Следующие три доклада были объединены общей темой — докладчики говорили о семантике стиха. Борис Орехов подошел к этой теме с точки зрения кор­пусной лингвистики, Елена Урысон — как специалист по лексической семантике естественного языка, Марина Акимова — как собственно стиховед.

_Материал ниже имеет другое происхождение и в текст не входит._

(* Let $k\ge3$, let $G$ be a graph and $L$ a $k$-list assignment for $G$. Let $B$ be a bug in $G$ with root $r$ satisfying $d_G(r)\le k$ and $k+1\le|V(B)|\le 2k$. If $B$ contains two distinct, nonadjacent, hidden vertices, then $B$ is safe in $G$.
   Context: $V_{3^+}(G)$ is the set of vertices of degree at least $3$ in $G$. A bug in $G$ is an induced connected subgraph $B$ together with a vertex $r\in V(B)$, its root, such that $V(B)\cap V_{3^+}(G)\subseteq\{r\}$. A vertex $y\in V(B)$ is hidden if $N_G(y)\subseteq V(B)$. A $k$-list assignment $L$ assigns to each vertex $v$ a set $L(v)$ of exactly $k$ colors; an $L$-coloring is a proper vertex coloring $f$ with $f(v)\in L(v)$. For an integer $n$ and $k\ge1$, $n\bmod^* k$ is the unique $m\in\{1,\dots,k\}$ with $n\equiv m\pmod k$. If $|V(G)|=n\ge 1$, an $L$-coloring $f$ of $G$ is strongly equitable (SE) if every color class has at most $\lceil n/k\rceil$ vertices and the number of colors whose class has exactly $\lceil n/k\rceil$ vertices (the full classes) is at most $n\bmod^* k$; the empty graph is regarded as SE $L$-colorable. A subgraph $S\subseteq G$ is safe in $G$ if every SE $L$-coloring of $G-V(S)$ (with the restriction of $L$) can be extended to an SE $L$-coloring of $G$. *)

theory Defs
  imports Main
begin

definition graph :: "'a set \<Rightarrow> ('a \<Rightarrow> 'a \<Rightarrow> bool) \<Rightarrow> bool" where
  "graph V E \<longleftrightarrow> finite V \<and> (\<forall>u v. E u v \<longrightarrow> u \<in> V \<and> v \<in> V)
     \<and> (\<forall>u v. E u v \<longrightarrow> E v u) \<and> (\<forall>v. \<not> E v v)"

definition nbhd :: "('a \<Rightarrow> 'a \<Rightarrow> bool) \<Rightarrow> 'a \<Rightarrow> 'a set" where
  "nbhd E v = {u. E v u}"

definition degree :: "('a \<Rightarrow> 'a \<Rightarrow> bool) \<Rightarrow> 'a \<Rightarrow> nat" where
  "degree E v = card (nbhd E v)"

definition V3plus :: "'a set \<Rightarrow> ('a \<Rightarrow> 'a \<Rightarrow> bool) \<Rightarrow> 'a set" where
  "V3plus V E = {v \<in> V. degree E v \<ge> 3}"

definition induced_connected :: "('a \<Rightarrow> 'a \<Rightarrow> bool) \<Rightarrow> 'a set \<Rightarrow> bool" where
  "induced_connected E S \<longleftrightarrow> S \<noteq> {} \<and>
     (\<forall>u\<in>S. \<forall>v\<in>S. (\<lambda>x y. E x y \<and> x \<in> S \<and> y \<in> S)\<^sup>*\<^sup>* u v)"

definition bug :: "'a set \<Rightarrow> ('a \<Rightarrow> 'a \<Rightarrow> bool) \<Rightarrow> 'a set \<Rightarrow> 'a \<Rightarrow> bool" where
  "bug V E S r \<longleftrightarrow> S \<subseteq> V \<and> induced_connected E S \<and> r \<in> S \<and> S \<inter> V3plus V E \<subseteq> {r}"

definition hidden :: "('a \<Rightarrow> 'a \<Rightarrow> bool) \<Rightarrow> 'a set \<Rightarrow> 'a \<Rightarrow> bool" where
  "hidden E S y \<longleftrightarrow> y \<in> S \<and> nbhd E y \<subseteq> S"

definition list_assignment :: "'a set \<Rightarrow> nat \<Rightarrow> ('a \<Rightarrow> 'c set) \<Rightarrow> bool" where
  "list_assignment V k L \<longleftrightarrow> (\<forall>v\<in>V. finite (L v) \<and> card (L v) = k)"

definition L_coloring :: "'a set \<Rightarrow> ('a \<Rightarrow> 'a \<Rightarrow> bool) \<Rightarrow> ('a \<Rightarrow> 'c set) \<Rightarrow> ('a \<Rightarrow> 'c) \<Rightarrow> bool" where
  "L_coloring W E L f \<longleftrightarrow> (\<forall>v\<in>W. f v \<in> L v) \<and> (\<forall>u\<in>W. \<forall>v\<in>W. E u v \<longrightarrow> f u \<noteq> f v)"

definition mod_star :: "nat \<Rightarrow> nat \<Rightarrow> nat" where
  "mod_star n k = (if n mod k = 0 then k else n mod k)"

definition ceil_div :: "nat \<Rightarrow> nat \<Rightarrow> nat" where
  "ceil_div n k = (n + k - 1) div k"

definition color_class :: "'a set \<Rightarrow> ('a \<Rightarrow> 'c) \<Rightarrow> 'c \<Rightarrow> 'a set" where
  "color_class W f c = {v \<in> W. f v = c}"

definition SE_coloring :: "'a set \<Rightarrow> ('a \<Rightarrow> 'a \<Rightarrow> bool) \<Rightarrow> nat \<Rightarrow> ('a \<Rightarrow> 'c set) \<Rightarrow> ('a \<Rightarrow> 'c) \<Rightarrow> bool" where
  "SE_coloring W E k L f \<longleftrightarrow> L_coloring W E L f \<and>
     (W \<noteq> {} \<longrightarrow>
       (\<forall>c. card (color_class W f c) \<le> ceil_div (card W) k) \<and>
       card {c. card (color_class W f c) = ceil_div (card W) k} \<le> mod_star (card W) k)"

definition safe :: "'a set \<Rightarrow> ('a \<Rightarrow> 'a \<Rightarrow> bool) \<Rightarrow> nat \<Rightarrow> ('a \<Rightarrow> 'c set) \<Rightarrow> 'a set \<Rightarrow> bool" where
  "safe V E k L S \<longleftrightarrow> (\<forall>f. SE_coloring (V - S) E k L f \<longrightarrow>
     (\<exists>g. SE_coloring V E k L g \<and> (\<forall>v\<in>V - S. g v = f v)))"

end

theory Submission
  imports Defs
begin

text \<open>
  Starting from an SE colouring of G - B, the vertices of the bug B are coloured in two rounds:
  first a set T of |B| - k \<le> k vertices, then the remaining k vertices D, each round with
  pairwise distinct colours. Such a rainbow block keeps the colouring strongly equitable provided
  its colours avoid the full classes, which matters only if the block neither completes a multiple
  of k vertices nor has size k. The colours are chosen greedily, vertices with many coloured
  neighbours first; this succeeds because every non-root vertex of a bug has degree at most 2.
  The two non-adjacent hidden vertices yield a hidden vertex of T, which sees no coloured vertex,
  and a set K \<subseteq> D of at most three vertices near the root that contains a vertex with all its
  neighbours in D and another non-root vertex with a neighbour in D; these provide the slack
  needed in the second round.
\<close>

section \<open>Strongly equitable class sizes\<close>

lemma ceil_div_mult_add:
  assumes "1 \<le> t" "t \<le> k"
  shows "ceil_div (a * k + t) k = Suc a"
proof -
  have "a * k + t + k - 1 = (t - 1) + Suc a * k" using assms by simp
  moreover have "((t - 1) + Suc a * k) div k = Suc a + (t - 1) div k"
    using assms by (intro div_mult_self1) simp
  ultimately show ?thesis unfolding ceil_div_def using assms by simp
qed

lemma mod_star_mult_add:
  assumes "1 \<le> t" "t \<le> k"
  shows "mod_star (a * k + t) k = t"
  using assms unfolding mod_star_def by (cases "t = k") auto

lemma ceil_div_mult:
  assumes "0 < k"
  shows "ceil_div (a * k) k = a"
proof -
  have "a * k + k - 1 = (k - 1) + a * k" using assms by simp
  moreover have "((k - 1) + a * k) div k = a + (k - 1) div k"
    using assms by (intro div_mult_self1) simp
  ultimately show ?thesis unfolding ceil_div_def using assms by simp
qed

lemma ceil_div_pos: "0 < n \<Longrightarrow> 0 < k \<Longrightarrow> 0 < ceil_div n k"
  unfolding ceil_div_def by (simp add: div_greater_zero_iff)

lemma ceil_div_mod_star_unaligned:
  assumes "0 < k" "n mod k \<noteq> 0"
  shows "ceil_div n k = Suc (n div k)" "mod_star n k = n mod k"
proof -
  have "n = n div k * k + n mod k" "1 \<le> n mod k" "n mod k \<le> k" using assms by auto
  then show "ceil_div n k = Suc (n div k)" "mod_star n k = n mod k"
    using ceil_div_mult_add mod_star_mult_add by metis+
qed

definition SE_counts :: "nat \<Rightarrow> nat \<Rightarrow> ('c \<Rightarrow> nat) \<Rightarrow> bool" where
  "SE_counts k n cnt \<longleftrightarrow>
     (\<forall>c. cnt c \<le> ceil_div n k) \<and> card {c. cnt c = ceil_div n k} \<le> mod_star n k"

lemma SE_counts_add_rainbow_aligned:
  fixes cnt :: "'c \<Rightarrow> nat"
  assumes k: "0 < k" and n: "n mod k = 0" and bound: "\<forall>c. cnt c \<le> ceil_div n k"
    and C: "finite C" "C \<noteq> {}" "card C \<le> k"
  shows "SE_counts k (n + card C) (\<lambda>c. cnt c + of_bool (c \<in> C))"
proof -
  define a where "a = n div k"
  have "n + card C = a * k + card C" using div_mult_mod_eq[of n k] n by (simp add: a_def)
  moreover have "1 \<le> card C" using C by (simp add: Suc_le_eq card_gt_0_iff)
  ultimately have Q: "ceil_div (n + card C) k = Suc a" and R: "mod_star (n + card C) k = card C"
    using C(3) ceil_div_mult_add mod_star_mult_add by auto
  have "ceil_div n k = a"
    using ceil_div_mult[OF k, of a] div_mult_mod_eq[of n k] n by (simp add: a_def)
  then have cnt: "cnt c \<le> a" for c using bound by simp
  have "{c. cnt c + of_bool (c \<in> C) = Suc a} \<subseteq> C"
  proof
    fix c assume "c \<in> {c. cnt c + of_bool (c \<in> C) = Suc a}"
    then show "c \<in> C" using cnt[of c] by (cases "c \<in> C") auto
  qed
  then have "card {c. cnt c + of_bool (c \<in> C) = Suc a} \<le> card C" by (rule card_mono[OF C(1)])
  moreover have "cnt c + of_bool (c \<in> C) \<le> Suc a" for c using cnt[of c] by (cases "c \<in> C") auto
  ultimately show ?thesis unfolding SE_counts_def Q R by blast
qed

lemma SE_counts_add_rainbow_whole:
  fixes cnt :: "'c \<Rightarrow> nat"
  assumes k: "0 < k" and n: "n mod k \<noteq> 0"
    and cnt: "SE_counts k n cnt" "finite {c. cnt c = ceil_div n k}" and C: "finite C" "card C = k"
  shows "SE_counts k (n + card C) (\<lambda>c. cnt c + of_bool (c \<in> C))"
proof -
  define a where "a = n div k"
  have n': "ceil_div n k = Suc a" "mod_star n k = n mod k"
    using ceil_div_mod_star_unaligned[OF k n] by (simp_all add: a_def)
  have "n + card C = Suc a * k + n mod k" using C(2) by (simp add: a_def)
  then have Q: "ceil_div (n + card C) k = Suc (Suc a)" and R: "mod_star (n + card C) k = n mod k"
    using n k ceil_div_mult_add[of "n mod k" k "Suc a"] mod_star_mult_add[of "n mod k" k "Suc a"]
    by auto
  have le: "cnt c \<le> Suc a" for c using cnt(1) n' unfolding SE_counts_def by simp
  have "{c. cnt c + of_bool (c \<in> C) = Suc (Suc a)} \<subseteq> {c. cnt c = ceil_div n k}"
  proof
    fix c assume "c \<in> {c. cnt c + of_bool (c \<in> C) = Suc (Suc a)}"
    then show "c \<in> {c. cnt c = ceil_div n k}" using le[of c] n' by (cases "c \<in> C") auto
  qed
  then have "card {c. cnt c + of_bool (c \<in> C) = Suc (Suc a)} \<le> mod_star n k"
    using card_mono[OF cnt(2)] cnt(1) unfolding SE_counts_def by (meson le_trans)
  moreover have "cnt c + of_bool (c \<in> C) \<le> Suc (Suc a)" for c using le[of c] by (cases "c \<in> C") auto
  ultimately show ?thesis unfolding SE_counts_def Q R n'(2) by blast
qed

Б.В. Орехов (НИУ ВШЭ) представил в своем сообщении «Метрическое тяготение лексики в русском стихе» предварительные результаты применения со­временной статистической методики для обширного исследования связей между лексикой и метрикой в стихе (исследование проводилось с использованием возможностей поэтического подкорпуса НКРЯ). Была поставлена задача установить, значима ли статистически встречаемость определенных слов в стихах определенного метра, или, другими словами, тяготеют ли определенные слова к тем или иным метрам. Решить проблему числовых диспропорций данных (разное число строк разных метров, разная частотность слов в языке) позволила применяемая в лингвистике методика коллострукционного анализа Анатоля Стефановича и Стефана Гриса. Работа проводилась в два этапа. Первый — пилотное исследование — на материале отобранных 20 лексем, имеющих метапоэтическое значение (ямб, хорей, муза, тетрадь и др.), по подкорпусам метров без учета стопности. Второй — анализ всех словоформ (выборка около 65 000, частота встречаемости словоформы больше 10) по подкорпусам метров, также без учета стопности. Пилотное исследование выявило, например, что метапоэтические понятия не случайно тяготеют к ямбу, а к остальным метрам нейтральны; слово строчка тяготеет к амфибра­хию, а ямб «отталкивается» от хореических строк. Результаты второго этапа докладчик представил выборочно, продемонстрировав публике некоторые тяготеющие к разным силлабо-тоническим метрам словоформы.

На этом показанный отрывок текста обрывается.